TASK PROMPT: After locating the line that contains "unfolding resolv2_def", restate it and each later line word for word through the end of the records.

═════ MATERIAL FOR THE TASK

lemma contractive_pair2_ex:
  assumes "cmod \<gamma> < sqrt (3/8)"
  shows "contractive_pair2 C_ex (A1_ex \<gamma>) (A2_ex \<gamma>)"
  unfolding contractive_pair2_def
proof
  fix x :: "complex^3"
  have "2 * (cmod \<gamma>)\<^sup>2 * (cmod (x$1))\<^sup>2 \<le> 3/4 * (cmod (x$1))\<^sup>2"
    using norm_sq_le_of_norm_less_sqrt_3_8[OF assms] by (intro mult_right_mono) auto
  then show "(norm (A1_ex \<gamma> *v x))\<^sup>2 + (norm (A2_ex \<gamma> *v x))\<^sup>2 + (norm (C_ex *v x))\<^sup>2 \<le> (norm x)\<^sup>2"
    unfolding A1_ex_mult_vec A2_ex_mult_vec C_ex_mult_vec norm_sq_vec_3 norm_vector_1
    by (simp add: norm_mult norm_divide power_mult_distrib power_divide)
qed

text \<open>With \<open>N = \<lambda>\<^sub>1 A\<^sub>1 + \<lambda>\<^sub>2 A\<^sub>2\<close> one has \<open>N\<^sup>3 = 0\<close>, and this is \<open>I + N + N\<^sup>2\<close>.\<close>
definition R_ex :: "complex \<Rightarrow> complex \<Rightarrow> complex \<Rightarrow> complex^3^3" where
  "R_ex \<gamma> a b = vector [vector [1, a, b], vector [- \<gamma> * b, 1 - \<gamma> * a * b, - \<gamma> * b * b],
     vector [\<gamma> * a, \<gamma> * a * a, 1 + \<gamma> * a * b]]"

lemma resolv2_ex: "resolv2 (A1_ex \<gamma>) (A2_ex \<gamma>) z = R_ex \<gamma> (z$1) (z$2)"
  unfolding resolv2_def
  by (rule matrix_inv_unique)
     (simp_all add: vec_eq_iff forall_3 matrix_matrix_mult_def sum_3 mat_def smat_def
       A1_ex_def A2_ex_def R_ex_def algebra_simps)

lemma C_ex_R_ex_mult_vec: "C_ex *v (R_ex \<gamma> a b *v x) = vector [(x$1 + a * x$2 + b * x$3) / 2]"
  unfolding C_ex_mult_vec by (simp add: R_ex_def matrix_vector_mult_def sum_3 vec_eq_iff)

lemma vector_in_ball2: "(cmod a)\<^sup>2 + (cmod b)\<^sup>2 < 1 \<Longrightarrow> (vector [a, b] :: complex^2) \<in> ball2"
  by (simp add: ball2_def norm_vec_def L2_set_def sum_2)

══════════

RESULT OF THE EXERCISE:
  unfolding resolv2_def
  by (rule matrix_inv_unique)
     (simp_all add: vec_eq_iff forall_3 matrix_matrix_mult_def sum_3 mat_def smat_def
       A1_ex_def A2_ex_def R_ex_def algebra_simps)

lemma C_ex_R_ex_mult_vec: "C_ex *v (R_ex \<gamma> a b *v x) = vector [(x$1 + a * x$2 + b * x$3) / 2]"
  unfolding C_ex_mult_vec by (simp add: R_ex_def matrix_vector_mult_def sum_3 vec_eq_iff)

lemma vector_in_ball2: "(cmod a)\<^sup>2 + (cmod b)\<^sup>2 < 1 \<Longrightarrow> (vector [a, b] :: complex^2) \<in> ball2"
  by (simp add: ball2_def norm_vec_def L2_set_def sum_2)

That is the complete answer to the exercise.